# Another FTPd thread (but the first of 2010)

## dE_logics

So times have changed, so I would like to ask the experienced Gentoo community which FTPd is good for what.

Which is the fastest?

Which is the most secure?

Which is the most reliable?

Configuration time/difficulty doesn't matter.

PS - I know nothing about FTP (currently reading about it in a book)... so all you have to do is tell the server about the directory which it has to serve right?

----------

## Yuu

Hi,

from my experience with proftpd and vsftpd only, I think that :

Which is the fastest? vsftpd seems to be faster than proftpd : starting/stoping daemon, and directory listing seems faster.

Which is the most secure? vsftpd seems more secure than proftpd; see all configuration options, and found vulnerabilities : proftpd vs vsftpd

Which is the most reliable? Quite rough question; I think both vsftpd and proftpd are stable.

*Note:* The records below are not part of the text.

lemma quadratic_form_scaleR: "quadratic_form M (t *\<^sub>R x) = t\<^sup>2 * quadratic_form M x"
  by (simp add: quadratic_form_def matrix_vector_mult_scaleR power2_eq_square)

lemma continuous_on_quadratic_form [continuous_intros]:
  "continuous_on S f \<Longrightarrow> continuous_on S (\<lambda>x. quadratic_form M (f x))"
proof -
  assume f: "continuous_on S f"
  then have "continuous_on S (\<lambda>x. M *v f x)"
    using continuous_on_compose[OF _ matrix_vector_mult_linear_continuous_on] by (auto simp: o_def)
  with f show ?thesis
    unfolding quadratic_form_def by (rule continuous_on_inner)
qed

lemma quadratic_form_nonneg:
  assumes "\<And>x. x \<noteq> 0 \<Longrightarrow> 0 < quadratic_form M x"
  shows "0 \<le> quadratic_form M x"
  using assms[of x] by (cases "x = 0") (auto simp: quadratic_form_def)

lemma le_if_le_on_sphere_homogeneous:
  fixes f g :: "'a::real_normed_vector \<Rightarrow> real"
  assumes f: "\<And>t x. f (t *\<^sub>R x) = t\<^sup>2 * f x" and g: "\<And>t x. g (t *\<^sub>R x) = t\<^sup>2 * g x"
    and sphere: "\<And>v. norm v = 1 \<Longrightarrow> f v \<le> g v"
  shows "f x \<le> g x"
proof (cases "x = 0")
  case True
  then show ?thesis using f[of 0 0] g[of 0 0] by simp
next
  case False
  define v where "v = (1 / norm x) *\<^sub>R x"
  have x: "x = norm x *\<^sub>R v" and "norm v = 1" using False by (simp_all add: v_def)
  have "f x = (norm x)\<^sup>2 * f v" by (subst x) (rule f)
  also have "\<dots> \<le> (norm x)\<^sup>2 * g v" using sphere[OF \<open>norm v = 1\<close>] by (simp add: mult_left_mono)
  also have "\<dots> = g x" by (subst (2) x) (rule g[symmetric])
  finally show ?thesis .
qed

lemma pd_quadratic_form_lower_bound:
  assumes pd: "\<And>x. x \<noteq> 0 \<Longrightarrow> 0 < quadratic_form M x"
  obtains c where "c > 0" and "\<And>x. c * (norm x)\<^sup>2 \<le> quadratic_form M x"
proof -
  have "\<exists>u\<in>sphere 0 1. \<forall>v\<in>sphere 0 1. quadratic_form M u \<le> quadratic_form M v"
    using continuous_on_quadratic_form[OF continuous_on_id]
    by (intro continuous_attains_inf[OF compact_sphere]) simp_all
  then obtain u where u: "u \<in> sphere 0 1"
    and min: "\<And>v. v \<in> sphere 0 1 \<Longrightarrow> quadratic_form M u \<le> quadratic_form M v"
    by blast
  have "quadratic_form M u * (norm x)\<^sup>2 \<le> quadratic_form M x" for x
    by (rule le_if_le_on_sphere_homogeneous[where f = "\<lambda>x. quadratic_form M u * (norm x)\<^sup>2"])
       (auto simp: quadratic_form_scaleR power_mult_distrib min)
  moreover have "quadratic_form M u > 0" using u pd by (metis mem_sphere_0 norm_zero zero_neq_one)
  ultimately show ?thesis using that by blast
qed

lemma quadratic_form_uniform_contraction:
  assumes pd: "\<And>x. x \<noteq> 0 \<Longrightarrow> 0 < quadratic_form M x"
    and decreasing: "\<And>x. x \<noteq> 0 \<Longrightarrow> quadratic_form M (G *v x) < quadratic_form M x"
  obtains q where "0 \<le> q" and "q < 1"
    and "\<And>x. quadratic_form M (G *v x) \<le> q * quadratic_form M x"
proof -
  define ratio where "ratio x = quadratic_form M (G *v x) / quadratic_form M x" for x
  have "quadratic_form M v \<noteq> 0" if "v \<in> sphere 0 1" for v
    using pd[of v] that by (metis less_irrefl mem_sphere_0 norm_zero zero_neq_one)
  then have "continuous_on (sphere 0 1) ratio"
    unfolding ratio_def
    by (intro continuous_on_divide continuous_on_quadratic_form continuous_on_id
        matrix_vector_mult_linear_continuous_on ballI)
  then have "\<exists>u\<in>sphere 0 1. \<forall>v\<in>sphere 0 1. ratio v \<le> ratio u"
    by (intro continuous_attains_sup[OF compact_sphere]) simp_all
  then obtain u where u: "u \<in> sphere 0 1"
    and max: "\<And>v. v \<in> sphere 0 1 \<Longrightarrow> ratio v \<le> ratio u"
    by blast
  have "quadratic_form M (G *v x) \<le> ratio u * quadratic_form M x" for x
  proof (rule le_if_le_on_sphere_homogeneous[where f = "\<lambda>x. quadratic_form M (G *v x)"])
    fix v :: "real^'a" assume "norm v = 1"
    then have "0 < quadratic_form M v" and "0 < quadratic_form M u"
      using u pd by (metis mem_sphere_0 norm_zero zero_neq_one)+
    then show "quadratic_form M (G *v v) \<le> ratio u * quadratic_form M v"
      using max[of v] \<open>norm v = 1\<close> by (simp add: ratio_def field_simps)
  qed (simp_all add: quadratic_form_scaleR matrix_vector_mult_scaleR)
  moreover have "u \<noteq> 0" using u by (metis mem_sphere_0 norm_zero zero_neq_one)
  then have "0 \<le> ratio u" and "ratio u < 1"
    using pd[of u] decreasing[of u] quadratic_form_nonneg[OF pd, of "G *v u"]
    by (simp_all add: ratio_def)
  ultimately show ?thesis using that by blast
qed

lemma tendsto_matrix_mult [tendsto_intros]:
  fixes X :: "'b \<Rightarrow> 'a::real_normed_algebra_1^'n^'m" and Y :: "'b \<Rightarrow> 'a^'p^'n"
  assumes "(X \<longlongrightarrow> A) F" and "(Y \<longlongrightarrow> B) F"
  shows "((\<lambda>t. X t ** Y t) \<longlongrightarrow> A ** B) F"
  unfolding matrix_matrix_mult_def
  by (intro vec_tendstoI, simp, intro tendsto_sum tendsto_mult tendsto_vec_nth assms)

lemma matrix_tendsto_zero_if_mult_vec_tendsto_zero:
  fixes X :: "'b \<Rightarrow> 'a::real_normed_algebra_1^'n^'m"
  assumes "\<And>x. ((\<lambda>t. X t *v x) \<longlongrightarrow> 0) F"
  shows "(X \<longlongrightarrow> 0) F"
proof (intro vec_tendstoI)
  fix i j
  have "(X t *v axis j 1) $ i = X t $ i $ j" for t
    by (simp add: matrix_vector_mult_def axis_def if_distrib if_distribR cong: if_cong)
  then show "((\<lambda>t. X t $ i $ j) \<longlongrightarrow> 0 $ i $ j) F"
    using tendsto_vec_nth[OF assms[of "axis j 1"], of i] by simp
qed

lemma mat_pow_tendsto_zero_if_form_decreasing:
  fixes M G :: "real^'n^'n"
  assumes pd: "\<And>x. x \<noteq> 0 \<Longrightarrow> 0 < quadratic_form M x"
    and decreasing: "\<And>x. x \<noteq> 0 \<Longrightarrow> quadratic_form M (G *v x) < quadratic_form M x"
  shows "(\<lambda>k. mat_pow G k) \<longlonglongrightarrow> 0"
proof (rule matrix_tendsto_zero_if_mult_vec_tendsto_zero)
  fix x
  obtain c where c: "c > 0" and lower: "\<And>x. c * (norm x)\<^sup>2 \<le> quadratic_form M x"
    using pd_quadratic_form_lower_bound[OF pd] by blast
  obtain q where q: "0 \<le> q" "q < 1"
    and contraction: "\<And>x. quadratic_form M (G *v x) \<le> q * quadratic_form M x"
    using quadratic_form_uniform_contraction[OF pd decreasing] by blast
  have pow: "quadratic_form M (mat_pow G k *v x) \<le> q ^ k * quadratic_form M x" for k
  proof (induction k)
    case (Suc k)
    have "quadratic_form M (mat_pow G (Suc k) *v x) \<le> q * quadratic_form M (mat_pow G k *v x)"
      using contraction by (simp flip: matrix_vector_mul_assoc)
    also have "\<dots> \<le> q * (q ^ k * quadratic_form M x)" using Suc q by (simp add: mult_left_mono)
    finally show ?case by simp
  qed simp
  show "(\<lambda>k. mat_pow G k *v x) \<longlonglongrightarrow> 0"
  proof (rule Lim_null_comparison)
    show "\<forall>\<^sub>F k in sequentially. norm (mat_pow G k *v x) \<le> sqrt (q ^ k * (quadratic_form M x / c))"
    proof (intro always_eventually allI)
      fix k
      have "(norm (mat_pow G k *v x))\<^sup>2 \<le> q ^ k * (quadratic_form M x / c)"
        using order_trans[OF lower pow] c by (simp add: field_simps)
      then show "norm (mat_pow G k *v x) \<le> sqrt (q ^ k * (quadratic_form M x / c))"
        by (simp add: real_le_rsqrt)
    qed
    have "(\<lambda>k. q ^ k * (quadratic_form M x / c)) \<longlonglongrightarrow> 0 * (quadratic_form M x / c)"
      using q by (intro tendsto_intros LIMSEQ_power_zero) auto
    then show "(\<lambda>k. sqrt (q ^ k * (quadratic_form M x / c))) \<longlonglongrightarrow> 0"
      using tendsto_real_sqrt by fastforce
  qed
qed

lemma inner_matrix_vector_sym:
  fixes S :: "real^'n^'n"
  assumes "transpose S = S"
  shows "u \<bullet> (S *v v) = v \<bullet> (S *v u)"
proof -
  have "u \<bullet> (S *v v) = (u v* S) \<bullet> v" by (rule dot_lmul_matrix[symmetric])
  also have "u v* S = S *v u" using vector_transpose_matrix[of u S] assms by simp
  finally show ?thesis by (simp add: inner_commute)
qed

lemma quadratic_form_add:
  assumes "transpose M = M"
  shows "quadratic_form M (y + z) = quadratic_form M y + 2 * (y \<bullet> (M *v z)) + quadratic_form M z"
  using inner_matrix_vector_sym[OF assms, of z y]
  by (simp add: quadratic_form_def matrix_vector_right_distrib inner_add_left inner_add_right)

lemma sym_pd_imp_sym_psd: "sym_pd A \<Longrightarrow> sym_psd A"
  unfolding sym_pd_def sym_psd_def
  by (metis inner_zero_left less_imp_le order_refl)

lemma sym_psd_add_sym_pd: "sym_psd A \<Longrightarrow> sym_pd R \<Longrightarrow> sym_pd (A + R)"
  unfolding sym_pd_def sym_psd_def
  by (simp add: transpose_add matrix_vector_mult_add_rdistrib inner_add_right add_nonneg_pos)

Moreover, vsftpd's configuration is less "user-friendly" than proftpd. And like I said, I haven't tried pureftpd, or other ftp daemons; so I have a limited point of view.

Actually, I'm quite happy with vsftpd, but I think this server has poor hide/deny files support. For example, if you deny {.*}, you can't use "CDUP" because, I think, it's like "CD ..". That's because it has a "simple implementation" of regex support (see here and here).

 *dE_logics wrote:*   

> PS - I know nothing about FTP (currently reading about it in a book)... so all you have to do is tell the server about the directory which it has to serve right?

 

Yes, but sometimes you have to modify default options, or read all available options to figure out how to do something specific; but nothing really hard.

Hope that's helped  :Wink: 

----------

## dE_logics

Thanks vsftpd I'll chose.

----------